From the material beneath, pull every line with the word "False".

———

(* Let $X$ be a real linear space, $T$ an infinite index set, and $f, f_t : X \to \overline{\mathbb{R}} := \mathbb{R}\cup\{\pm\infty\}$ ($t \in T$) convex proper functions. Let $M := \bigcap_{t\in T} \operatorname{dom} f_t$. Let $v:\mathbb{R}^T\to\overline{\mathbb{R}}$ be $v(y) := \inf\{f(x) : f_t(x)\le y_t \text{ for all } t\in T\}$, where $\mathbb{R}^T$ carries the product topology, and let $\overline{v}$ denote the lower semicontinuous hull of $v$, so that $\overline{v}(0_Y) = \sup_{V} \inf_{y\in V} v(y)$, the supremum being over all neighborhoods $V$ of the origin $0_Y$ of $\mathbb{R}^T$. Let $$\sup(D) := \sup_{\lambda\in\mathbb{R}_+^{(T)}} \inf_{x\in M}\Big(f(x)+\sum_{t\in T}\lambda_t f_t(x)\Big).$$ Assume that either $\overline{v}(0_Y)\neq+\infty$ or $\sup(D)\neq-\infty$. Then $$\sup(D) = \sup_{\varepsilon>0,\ H\in\mathcal{F}(T)} \ \inf_{x\in M}\{ f(x) : f_t(x)\le\varepsilon \text{ for all } t\in H\}.$$
   Context: $\operatorname{dom} g := \{x : g(x)<+\infty\}$; a proper function never takes the value $-\infty$ and has nonempty domain. $\mathbb{R}^{(T)}$ is the space of functions $\lambda=(\lambda_t)_{t\in T}:T\to\mathbb{R}$ with finite support $\operatorname{supp}\lambda=\{t:\lambda_t\neq0\}$, and $\mathbb{R}^{(T)}_+$ its elements with all $\lambda_t\ge0$; $\sum_{t\in T}\lambda_t f_t(x)$ means $\sum_{t\in\operatorname{supp}\lambda}\lambda_t f_t(x)$ if $\lambda\ne 0$ and $0$ if $\lambda=0$. $\mathcal{F}(T)$ is the family of nonempty finite subsets of $T$. Conventions: $\inf\emptyset=+\infty$, $\sup\emptyset=-\infty$. *)

theory Defs
  imports "HOL-Analysis.Analysis"
begin

definition edom :: "('x \<Rightarrow> ereal) \<Rightarrow> 'x set" where
  "edom g = {x. g x < \<infinity>}"

definition econvex :: "('x::real_vector \<Rightarrow> ereal) \<Rightarrow> bool" where
  "econvex g \<longleftrightarrow> convex {(x, r::real). g x \<le> ereal r}"

definition eproper :: "('x \<Rightarrow> ereal) \<Rightarrow> bool" where
  "eproper g \<longleftrightarrow> (\<forall>x. g x \<noteq> -\<infinity>) \<and> edom g \<noteq> {}"

definition fin_nonneg :: "('t \<Rightarrow> real) set" where
  "fin_nonneg = {lam. finite {t. lam t \<noteq> 0} \<and> (\<forall>t. 0 \<le> lam t)}"

definition valfun :: "('x \<Rightarrow> ereal) \<Rightarrow> ('t \<Rightarrow> 'x \<Rightarrow> ereal) \<Rightarrow> ('t \<Rightarrow> real) \<Rightarrow> ereal" where
  "valfun f ft y = (INF x \<in> {x. \<forall>t. ft t x \<le> ereal (y t)}. f x)"

definition lsc_hull_at0 :: "(('t \<Rightarrow> real) \<Rightarrow> ereal) \<Rightarrow> ereal" where
  "lsc_hull_at0 v = (SUP V \<in> {V. \<exists>U. open U \<and> (\<lambda>_::'t. 0::real) \<in> U \<and> U \<subseteq> V}. INF y \<in> V. v y)"

definition dual_sup :: "('x \<Rightarrow> ereal) \<Rightarrow> ('t \<Rightarrow> 'x \<Rightarrow> ereal) \<Rightarrow> ereal" where
  "dual_sup f ft = (SUP lam \<in> fin_nonneg.
      INF x \<in> (\<Inter>t. edom (ft t)). f x + (\<Sum>t\<in>{t. lam t \<noteq> 0}. ereal (lam t) * ft t x))"

end

theory Submission
  imports Defs
begin
lemma run_exists: "\<exists>S'. run n m rs S S'"
proof (induction rs arbitrary: S)
  case Nil
  show ?case by (blast intro: run_Nil)
next
  case (Cons r rs)
  obtain L M where S: "S = (L, M)"
    by (cases S)
  show ?case
  proof (cases "nbrs n L r \<subseteq> M")
    case True
    obtain S' where "run n m rs (L, M) S'"
      using Cons.IH by blast
    then show ?thesis
      using run_skip[OF True] S by blast
  next
    case False
    then obtain cs where cs: "cs \<in> nbrs n L r" "cs \<notin> M"
      by blast
    obtain S' where "run n m rs (pivot n m L r cs, insert cs M) S'"
      using Cons.IH by blast
    then show ?thesis
      using run_pivot[OF cs] S by blast
  qed
qed

lemma run_row_space: "run n m rs S S' \<Longrightarrow> in_row_space n m (fst S') x \<longleftrightarrow> in_row_space n m (fst S) x"
  by (induction rule: run.induct) (simp_all add: pivot_row_space)

text \<open>Invariant of Algorithm 1 once the reaction vertices in \<open>D\<close> are processed and the species in
  \<open>M\<close> are marked: \<open>L\<close> restricted to the columns \<open>D\<close> is a reduced echelon form with pivot rows \<open>M\<close>.\<close>
definition echelon :: "nat \<Rightarrow> nat set \<Rightarrow> (nat \<Rightarrow> nat \<Rightarrow> rat) \<Rightarrow> nat set \<Rightarrow> bool" where
  "echelon n D L M \<longleftrightarrow> M \<subseteq> {..<n}
     \<and> (\<forall>r\<in>D. \<exists>s\<in>M. nbrs n L r = {s})
     \<and> (\<forall>s\<in>M. \<exists>r\<in>D. L s r \<noteq> 0)
     \<and> (\<forall>s<n. \<forall>r1\<in>D. \<forall>r2\<in>D. L s r1 \<noteq> 0 \<longrightarrow> L s r2 \<noteq> 0 \<longrightarrow> r1 = r2)"

lemma echelonD:
  assumes "echelon n D L M"
  shows "M \<subseteq> {..<n}"
    and "r \<in> D \<Longrightarrow> \<exists>s\<in>M. nbrs n L r = {s}"
    and "s \<in> M \<Longrightarrow> \<exists>r\<in>D. L s r \<noteq> 0"
    and "s < n \<Longrightarrow> r1 \<in> D \<Longrightarrow> r2 \<in> D \<Longrightarrow> L s r1 \<noteq> 0 \<Longrightarrow> L s r2 \<noteq> 0 \<Longrightarrow> r1 = r2"
  using assms unfolding echelon_def by blast+

lemma echelon_empty: "echelon n {} L {}"
  unfolding echelon_def by simp

lemma echelon_unmarked_zero:
  assumes "echelon n D L M" "r \<in> D" "s < n" "s \<notin> M"
  shows "L s r = 0"
proof -
  obtain t where "t \<in> M" "nbrs n L r = {t}"
    using echelonD(2)[OF assms(1,2)] by blast
  then have "s \<notin> nbrs n L r"
    using assms(4) by auto
  then show ?thesis
    using assms(3) unfolding nbrs_def by simp
qed

lemma nbrs_pivot: "cs \<in> nbrs n L r \<Longrightarrow> nbrs n (pivot n m L r cs) r = {cs}"
  unfolding nbrs_def pivot_def by auto

lemma pivot_row_cs: "pivot n m L r cs cs = L cs"
  unfolding pivot_def by auto

lemma pivot_col_unchanged: "r' \<noteq> r \<Longrightarrow> L cs r' = 0 \<Longrightarrow> pivot n m L r cs s r' = L s r'"
  unfolding pivot_def by auto

lemma echelon_pivot:
  assumes ech: "echelon n D L M" and cs: "cs \<in> nbrs n L r" "cs \<notin> M" and r: "r \<notin> D"
  shows "echelon n (insert r D) (pivot n m L r cs) (insert cs M)"
proof -
  let ?L = "pivot n m L r cs"
  have cs_n: "cs < n" "L cs r \<noteq> 0"
    using cs(1) unfolding nbrs_def by auto
  have cs_zero: "L cs r' = 0" if "r' \<in> D" for r'
    using echelon_unmarked_zero[OF ech that cs_n(1) cs(2)] .
  have old: "?L s r' = L s r'" if "r' \<in> D" for s r'
    using that r cs_zero[OF that] by (auto intro: pivot_col_unchanged)
  have nbrs_old: "nbrs n ?L r' = nbrs n L r'" if "r' \<in> D" for r'
    using old[OF that] unfolding nbrs_def by simp
  have new: "nbrs n ?L r = {cs}"
    by (rule nbrs_pivot) fact
  note M = echelonD[OF ech]
  have row_new: "r' = r" if "s < n" "r' \<in> insert r D" "?L s r \<noteq> 0" "?L s r' \<noteq> 0" for s r'
  proof -
    have "s = cs"
      using new that(1,3) unfolding nbrs_def by blast
    then show ?thesis
      using that(2,4) cs_zero old pivot_row_cs by (metis insertE)
  qed
  have "\<forall>s<n. \<forall>r1\<in>insert r D. \<forall>r2\<in>insert r D.
      ?L s r1 \<noteq> 0 \<longrightarrow> ?L s r2 \<noteq> 0 \<longrightarrow> r1 = r2"
    using M(4) old row_new by (metis insertE)
  moreover have "\<forall>r'\<in>insert r D. \<exists>s\<in>insert cs M. nbrs n ?L r' = {s}"
    using M(2) new nbrs_old by auto
  moreover have "\<forall>s\<in>insert cs M. \<exists>r'\<in>insert r D. ?L s r' \<noteq> 0"
    using M(3) old cs_n(2) pivot_row_cs by (metis insert_iff)
  ultimately show ?thesis
    using M(1) cs_n(1) unfolding echelon_def by blast
qed

lemma echelon_unmarked_nbr:
  assumes ech: "echelon n D L M" and e: "in_row_space n m L (unit_vec r)"
    and r: "r < m" "r \<notin> D" and D: "D \<subseteq> {..<m}"
  shows "\<not> nbrs n L r \<subseteq> M"
proof
  assume nbrs: "nbrs n L r \<subseteq> M"
  obtain v where v: "\<And>r'. r' < m \<Longrightarrow> unit_vec r r' = (\<Sum>s<n. v s * L s r')"
    using e unfolding in_row_space_def by blast
  have v_marked: "v s = 0" if s: "s \<in> M" for s
  proof -
    obtain r' where r': "r' \<in> D" "L s r' \<noteq> 0"
      using echelonD(3)[OF ech s] by blast
    obtain t where t: "nbrs n L r' = {t}"
      using echelonD(2)[OF ech r'(1)] by blast
    have "s < n"
      using echelonD(1)[OF ech] s by auto
    then have "s \<in> nbrs n L r'"
      using r'(2) unfolding nbrs_def by simp
    then have col: "L t' r' = 0" if "t' < n" "t' \<noteq> s" for t'
      using t that unfolding nbrs_def by auto
    have "unit_vec r r' = (\<Sum>t<n. v t * L t r')"
      using v r'(1) D by auto
    also have "\<dots> = (\<Sum>t<n. if t = s then v s * L s r' else 0)"
      using col by (intro sum.cong) auto
    also have "\<dots> = v s * L s r'"
      using \<open>s < n\<close> by simp
    finally show "v s = 0"
      using r' r(2) unfolding unit_vec_def by (auto split: if_splits)
  qed
  have "unit_vec r r = (\<Sum>s<n. v s * L s r)"
    using v r(1) by simp
  also have "\<dots> = 0"
    using nbrs v_marked unfolding nbrs_def by (intro sum.neutral) auto
  finally show False
    unfolding unit_vec_def by simp
qed

lemma run_echelon:
  assumes "run n m rs S S'" "echelon n D (fst S) (snd S)"
    and "distinct rs" "set rs \<inter> D = {}" "D \<union> set rs \<subseteq> {..<m}"
    and "\<And>r. r \<in> set rs \<Longrightarrow> in_row_space n m (fst S) (unit_vec r)"
  shows "echelon n (D \<union> set rs) (fst S') (snd S')"
  using assms
proof (induction arbitrary: D rule: run.induct)
  case (run_Nil S)
  then show ?case by simp
next
  case (run_skip L r M rs S')
  then have False
    using echelon_unmarked_nbr[of n D L M m r] by auto
  then show ?case ..
next
  case (run_pivot cs L r M rs S')
  have "echelon n (insert r D) (pivot n m L r cs) (insert cs M)"
    using echelon_pivot run_pivot by auto
  moreover have "in_row_space n m (pivot n m L r cs) (unit_vec r')" if "r' \<in> set rs" for r'
    using run_pivot.prems(5) that pivot_row_space[OF run_pivot.hyps(1)] by simp
  ultimately have "echelon n (insert r D \<union> set rs) (fst S') (snd S')"
    using run_pivot.IH[of "insert r D"] run_pivot.prems(2-4) by simp
  then show ?case by simp
qed

lemma edges_iff: "(a, b) \<in> edges n m L \<longleftrightarrow>
   (\<exists>s r. s < n \<and> r < m \<and> L s r \<noteq> 0 \<and> (a = Inl s \<and> b = Inr r \<or> a = Inr r \<and> b = Inl s))"
  unfolding edges_def by blast

lemma component_refl: "v \<in> component n m L v"
  unfolding component_def by simp

lemma component_step: "w \<in> component n m L v \<Longrightarrow> (w, u) \<in> edges n m L \<Longrightarrow> u \<in> component n m L v"
  unfolding component_def by (simp add: rtrancl_into_rtrancl)

lemma component_subset:
  assumes "v \<in> C" "\<And>a b. a \<in> C \<Longrightarrow> (a, b) \<in> edges n m L \<Longrightarrow> b \<in> C"
  shows "component n m L v \<subseteq> C"
proof
  fix w assume "w \<in> component n m L v"
  then have "(v, w) \<in> (edges n m L)\<^sup>*"
    unfolding component_def by simp
  then show "w \<in> C"
    by (induction rule: rtrancl_induct) (use assms in blast)+
qed

lemma component_isolated:
  assumes "\<And>r. r < m \<Longrightarrow> L s r = 0"
  shows "component n m L (Inl s) = {Inl s}"
proof
  show "component n m L (Inl s) \<subseteq> {Inl s}"
    by (rule component_subset) (use assms in \<open>auto simp: edges_iff\<close>)
qed (simp add: component_refl)

lemma component_edge:
  assumes s: "s < n" and r: "r < m" and nz: "L s r \<noteq> 0"
    and col: "\<And>s'. s' < n \<Longrightarrow> L s' r \<noteq> 0 \<Longrightarrow> s' = s"
    and row: "\<And>r'. r' < m \<Longrightarrow> L s r' \<noteq> 0 \<Longrightarrow> r' = r"
    and v: "v \<in> {Inl s, Inr r}"
  shows "component n m L v = {Inl s, Inr r}"
proof
  show "component n m L v \<subseteq> {Inl s, Inr r}"
    by (rule component_subset) (use v col row in \<open>auto simp: edges_iff\<close>)
  have "(Inl s, Inr r) \<in> edges n m L" "(Inr r, Inl s) \<in> edges n m L"
    using s r nz unfolding edges_iff by blast+
  then show "{Inl s, Inr r} \<subseteq> component n m L v"
    using v component_refl component_step by fastforce
qed

lemma echelon_returns_UB:
  assumes ech: "echelon n {..<m} L M"
  shows "returns_UB n m L"
  unfolding returns_UB_def
proof
  have edge: "component n m L v = {Inl s, Inr r}"
    if edge: "s < n" "r < m" "L s r \<noteq> 0" "v \<in> {Inl s, Inr r}" for s r v
  proof -
    obtain t where t: "nbrs n L r = {t}"
      using echelonD(2)[OF ech] edge(2) by blast
    have col: "s' = s" if "s' < n" "L s' r \<noteq> 0" for s'
    proof -
      have "s' \<in> nbrs n L r" "s \<in> nbrs n L r"
        using that edge(1,3) unfolding nbrs_def by simp_all
      then show ?thesis
        using t by simp
    qed
    have row: "r' = r" if "r' < m" "L s r' \<noteq> 0" for r'
      using echelonD(4)[OF ech \<open>s < n\<close>] that \<open>r < m\<close> \<open>L s r \<noteq> 0\<close> by simp
    show ?thesis
      by (rule component_edge[of s n r m L v, OF edge(1-3) col row edge(4)])
  qed
  fix v assume "v \<in> vertices n m"
  then consider (species) s where "s < n" "v = Inl s" | (reaction) r where "r < m" "v = Inr r"
    unfolding vertices_def by blast
  then show "(\<exists>s<n. component n m L v = {Inl s}) \<or>
      (\<exists>s<n. \<exists>r<m. L s r \<noteq> 0 \<and> component n m L v = {Inl s, Inr r})"
  proof cases
    case (species s)
    show ?thesis
    proof (cases "\<exists>r<m. L s r \<noteq> 0")
      case True
      then obtain r where "r < m" "L s r \<noteq> 0"
        by blast
      then show ?thesis
        using edge[of s r v] species by auto
    next
      case False
      then show ?thesis
        using component_isolated[of m L s n] species by auto
    qed
  next
    case (reaction r)
    obtain s where "nbrs n L r = {s}"
      using echelonD(2)[OF ech] reaction(1) by blast
    then have "s \<in> nbrs n L r"
      by simp
    then have "s < n" "L s r \<noteq> 0"
      unfolding nbrs_def by simp_all
    then show ?thesis
      using edge reaction by blast
  qed
qed

lemma returns_UB_unit_vec:
  assumes ub: "returns_UB n m L" and r: "r < m"
  shows "in_row_space n m L (unit_vec r)"
proof -
  have "Inr r \<in> vertices n m"
    using r unfolding vertices_def by blast
  moreover have "Inr r \<in> component n m L (Inr r)"
    by (rule component_refl)
  ultimately obtain s r0 where s: "s < n" "L s r0 \<noteq> 0"
    and C: "component n m L (Inr r) = {Inl s, Inr r0}"
    using ub unfolding returns_UB_def by fastforce
  then have "r0 = r"
    using component_refl[of "Inr r" n m L] by auto
  have "r' = r" if "r' < m" "L s r' \<noteq> 0" for r'
  proof -
    have "Inl s \<in> component n m L (Inr r)"
      using C by simp
    then have "Inr r' \<in> component n m L (Inr r)"
      by (rule component_step) (use s that in \<open>auto simp: edges_iff\<close>)
    then show ?thesis
      using C \<open>r0 = r\<close> by auto
  qed
  then show ?thesis
    using in_row_space_unit_vec[OF s(1)] s(2) \<open>r0 = r\<close> by blast
qed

———

Reply to the exercise:
    case False
  finally show False
  then have False
      case False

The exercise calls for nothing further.